(* Let $P:\mathcal C^{op}\to\mathbf{Heyt}$ be a weak hyperdoctrine with full weak comprehensions and comprehensive diagonals, and suppose $\Psi_{\mathcal C}$ is a weak hyperdoctrine. Then for every $\alpha\in P(X\times Y)$ and all $\gamma,\beta\in P(A)$: $\{\forall^P_{pr_1}(\alpha)\}=\forall^{\Psi_{\mathcal C}}_{pr_1}\{\alpha\}$ and $\{\gamma\Rightarrow^P\beta\}=\{\gamma\}\Rightarrow^{\Psi_{\mathcal C}}\{\beta\}$ as elements of $\Psi_{\mathcal C}(X)$, resp. $\Psi_{\mathcal C}(A)$. If moreover the comprehensions are strong (monic) and $\mathrm{Sub}_{\mathcal C}$ is a weak hyperdoctrine, the same equalities hold with $\mathrm{Sub}_{\mathcal C}$ in place of $\Psi_{\mathcal C}$.
   Context: A weak hyperdoctrine is an elementary doctrine (equality predicates $\delta_A$, written $=_A$) over a weakly cartesian closed base with Heyting fibres and reindexing, and left and right adjoints $\exists_{pr_1},\forall_{pr_1}$ to reindexing along product projections $pr_1:X\times Y\to X$ satisfying Beck–Chevalley. A weak comprehension of $\alpha\in P(A)$ is an arrow $\{\alpha\}:Z\to A$ with $\top\le P_{\{\alpha\}}(\alpha)$ through which every $f$ with $\top\le P_f(\alpha)$ factors (not necessarily uniquely); it is strong if $\{\alpha\}$ is monic; full weak comprehensions: all exist and $\alpha\le\beta$ whenever $\{\alpha\}$ factors through $\{\beta\}$. Comprehensive diagonals: $f=g$ whenever $\top\vdash f(x)=_Yg(x)$. $\Psi_{\mathcal C}$ sends $A$ to the poset reflection of $\mathcal C/A$, reindexing by weak pullback; $\mathrm{Sub}_{\mathcal C}$ is the subobject doctrine. In the equalities, $\{\alpha\}$ denotes the class $[\{\alpha\}]$ in $\Psi_{\mathcal C}$ (resp. the subobject in $\mathrm{Sub}_{\mathcal C}$), and superscripts indicate in which doctrine the operation is computed. *)

theory Defs
  imports Main
begin

record ('o, 'm) wcat =
  obj  :: "'o set"
  arr  :: "'m set"
  cdom :: "'m \<Rightarrow> 'o"
  ccod :: "'m \<Rightarrow> 'o"
  idt  :: "'o \<Rightarrow> 'm"
  comp :: "'m \<Rightarrow> 'm \<Rightarrow> 'm"      (* comp C g f = g \<circ> f *)
  prd  :: "'o \<Rightarrow> 'o \<Rightarrow> 'o"
  pr1  :: "'o \<Rightarrow> 'o \<Rightarrow> 'm"
  pr2  :: "'o \<Rightarrow> 'o \<Rightarrow> 'm"
  trm  :: "'o"
  exo  :: "'o \<Rightarrow> 'o \<Rightarrow> 'o"
  evl  :: "'o \<Rightarrow> 'o \<Rightarrow> 'm"

definition hom :: "('o,'m,'x) wcat_scheme \<Rightarrow> 'o \<Rightarrow> 'o \<Rightarrow> 'm set" where
  "hom C A B = {f \<in> arr C. cdom C f = A \<and> ccod C f = B}"

definition category :: "('o,'m,'x) wcat_scheme \<Rightarrow> bool" where
  "category C \<longleftrightarrow>
     (\<forall>f\<in>arr C. cdom C f \<in> obj C \<and> ccod C f \<in> obj C) \<and>
     (\<forall>A\<in>obj C. idt C A \<in> hom C A A) \<and>
     (\<forall>f g. f \<in> arr C \<and> g \<in> arr C \<and> ccod C f = cdom C g
         \<longrightarrow> comp C g f \<in> hom C (cdom C f) (ccod C g)) \<and>
     (\<forall>f\<in>arr C. comp C f (idt C (cdom C f)) = f \<and> comp C (idt C (ccod C f)) f = f) \<and>
     (\<forall>f g h. f \<in> arr C \<and> g \<in> arr C \<and> h \<in> arr C \<and> ccod C f = cdom C g \<and> ccod C g = cdom C h
         \<longrightarrow> comp C h (comp C g f) = comp C (comp C h g) f)"

definition has_products :: "('o,'m,'x) wcat_scheme \<Rightarrow> bool" where
  "has_products C \<longleftrightarrow>
     trm C \<in> obj C \<and> (\<forall>A\<in>obj C. \<exists>!t. t \<in> hom C A (trm C)) \<and>
     (\<forall>A\<in>obj C. \<forall>B\<in>obj C.
        prd C A B \<in> obj C \<and> pr1 C A B \<in> hom C (prd C A B) A \<and> pr2 C A B \<in> hom C (prd C A B) B \<and>
        (\<forall>Z f g. f \<in> hom C Z A \<and> g \<in> hom C Z B \<longrightarrow>
           (\<exists>!h. h \<in> hom C Z (prd C A B) \<and> comp C (pr1 C A B) h = f \<and> comp C (pr2 C A B) h = g)))"

definition pair :: "('o,'m,'x) wcat_scheme \<Rightarrow> 'm \<Rightarrow> 'm \<Rightarrow> 'm" where
  "pair C f g = (THE h. h \<in> hom C (cdom C f) (prd C (ccod C f) (ccod C g)) \<and>
        comp C (pr1 C (ccod C f) (ccod C g)) h = f \<and> comp C (pr2 C (ccod C f) (ccod C g)) h = g)"

definition cross :: "('o,'m,'x) wcat_scheme \<Rightarrow> 'm \<Rightarrow> 'm \<Rightarrow> 'm" where
  "cross C f g = pair C (comp C f (pr1 C (cdom C f) (cdom C g))) (comp C g (pr2 C (cdom C f) (cdom C g)))"

definition has_weak_exponentials :: "('o,'m,'x) wcat_scheme \<Rightarrow> bool" where
  "has_weak_exponentials C \<longleftrightarrow>
     (\<forall>B\<in>obj C. \<forall>D\<in>obj C. exo C B D \<in> obj C \<and> evl C B D \<in> hom C (prd C (exo C B D) B) D \<and>
        (\<forall>A f. f \<in> hom C (prd C A B) D \<longrightarrow>
           (\<exists>h\<in>hom C A (exo C B D). comp C (evl C B D) (cross C h (idt C B)) = f)))"

definition weakly_cc :: "('o,'m,'x) wcat_scheme \<Rightarrow> bool" where
  "weakly_cc C \<longleftrightarrow> category C \<and> has_products C \<and> has_weak_exponentials C"

definition factors :: "('o,'m,'x) wcat_scheme \<Rightarrow> 'm \<Rightarrow> 'm \<Rightarrow> bool" where
  "factors C g f \<longleftrightarrow> (\<exists>h\<in>arr C. cdom C h = cdom C g \<and> ccod C h = cdom C f \<and> comp C f h = g)"

definition monic :: "('o,'m,'x) wcat_scheme \<Rightarrow> 'm \<Rightarrow> bool" where
  "monic C m \<longleftrightarrow> m \<in> arr C \<and>
     (\<forall>f\<in>arr C. \<forall>g\<in>arr C. ccod C f = cdom C m \<and> ccod C g = cdom C m \<and> cdom C f = cdom C g \<and>
        comp C m f = comp C m g \<longrightarrow> f = g)"
(* Let $\mathcal L$ be a recurrent language. Then $\mathcal L$ is eventually dendric if and only if $\mathcal L$ satisfies RBC.
   Context: $\mathcal{A}$ finite alphabet, $\mathcal{A}^*$ nonempty finite words. A language is a set $\mathcal L\subseteq\mathcal A^*$ with $\mathcal A\subseteq\mathcal L$, closed under subwords, and such that each $w\in\mathcal L$ has $a,b\in\mathcal A$ with $awb\in\mathcal L$. $\mathcal L$ is recurrent if for all $u,v\in\mathcal L$ there is $w\in\mathcal L$ with $uwv\in\mathcal L$. $Ex^\ell(w)=\{a: aw\in\mathcal L\}$, $Ex^r(w)=\{b: wb\in\mathcal L\}$, $Ex^{\ell r}(w)=\{(a,b): awb\in\mathcal L\}$. The extension graph $\mathscr E(w)$ is the bipartite graph whose vertex set is the disjoint union of $Ex^\ell(w)$ and $Ex^r(w)$, with an edge between $a$ and $b$ iff $(a,b)\in Ex^{\ell r}(w)$. $\mathcal L$ is eventually dendric if there is $n_0$ such that $\mathscr E(w)$ is a tree for all $w\in\mathcal L$ with $|w|\ge n_0$. Left special: $|Ex^\ell(w)|\ge2$; right special: $|Ex^r(w)|\ge2$; bispecial: both. A bispecial $w$ is regular bispecial if there is exactly one $\hat a\in Ex^\ell(w)$ with $\hat aw$ right special and exactly one $\hat b\in Ex^r(w)$ with $w\hat b$ left special. RBC: there is $n_0$ such that every bispecial word of length $\ge n_0$ is regular bispecial. *)

theory Defs
  imports Main
begin

definition factor :: "'a list \<Rightarrow> 'a list \<Rightarrow> bool" where
  "factor u w \<longleftrightarrow> (\<exists>p s. w = p @ u @ s)"

definition is_language :: "'a set \<Rightarrow> 'a list set \<Rightarrow> bool" where
  "is_language A L \<longleftrightarrow>
     finite A \<and>
     (\<forall>w\<in>L. w \<noteq> [] \<and> set w \<subseteq> A) \<and>
     (\<forall>a\<in>A. [a] \<in> L) \<and>
     (\<forall>w\<in>L. \<forall>u. u \<noteq> [] \<and> factor u w \<longrightarrow> u \<in> L) \<and>
     (\<forall>w\<in>L. \<exists>a\<in>A. \<exists>b\<in>A. [a] @ w @ [b] \<in> L)"

definition recurrent :: "'a list set \<Rightarrow> bool" where
  "recurrent L \<longleftrightarrow> (\<forall>u\<in>L. \<forall>v\<in>L. \<exists>w\<in>L. u @ w @ v \<in> L)"

definition Ex_l :: "'a set \<Rightarrow> 'a list set \<Rightarrow> 'a list \<Rightarrow> 'a set" where
  "Ex_l A L w = {a\<in>A. [a] @ w \<in> L}"

definition Ex_r :: "'a set \<Rightarrow> 'a list set \<Rightarrow> 'a list \<Rightarrow> 'a set" where
  "Ex_r A L w = {b\<in>A. w @ [b] \<in> L}"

WHAT THE TASK REQUIRES ▸ Using only the entries above, output the line with "(\<forall>A\<in>obj C. idt", the line with "(ccod C f) (ccod C g)) \<and>", and all lines between them, exactly as they stand.

WRITTEN REPLY ▸
     (\<forall>A\<in>obj C. idt C A \<in> hom C A A) \<and>
     (\<forall>f g. f \<in> arr C \<and> g \<in> arr C \<and> ccod C f = cdom C g
         \<longrightarrow> comp C g f \<in> hom C (cdom C f) (ccod C g)) \<and>
     (\<forall>f\<in>arr C. comp C f (idt C (cdom C f)) = f \<and> comp C (idt C (ccod C f)) f = f) \<and>
     (\<forall>f g h. f \<in> arr C \<and> g \<in> arr C \<and> h \<in> arr C \<and> ccod C f = cdom C g \<and> ccod C g = cdom C h
         \<longrightarrow> comp C h (comp C g f) = comp C (comp C h g) f)"

definition has_products :: "('o,'m,'x) wcat_scheme \<Rightarrow> bool" where
  "has_products C \<longleftrightarrow>
     trm C \<in> obj C \<and> (\<forall>A\<in>obj C. \<exists>!t. t \<in> hom C A (trm C)) \<and>
     (\<forall>A\<in>obj C. \<forall>B\<in>obj C.
        prd C A B \<in> obj C \<and> pr1 C A B \<in> hom C (prd C A B) A \<and> pr2 C A B \<in> hom C (prd C A B) B \<and>
        (\<forall>Z f g. f \<in> hom C Z A \<and> g \<in> hom C Z B \<longrightarrow>
           (\<exists>!h. h \<in> hom C Z (prd C A B) \<and> comp C (pr1 C A B) h = f \<and> comp C (pr2 C A B) h = g)))"

definition pair :: "('o,'m,'x) wcat_scheme \<Rightarrow> 'm \<Rightarrow> 'm \<Rightarrow> 'm" where
  "pair C f g = (THE h. h \<in> hom C (cdom C f) (prd C (ccod C f) (ccod C g)) \<and>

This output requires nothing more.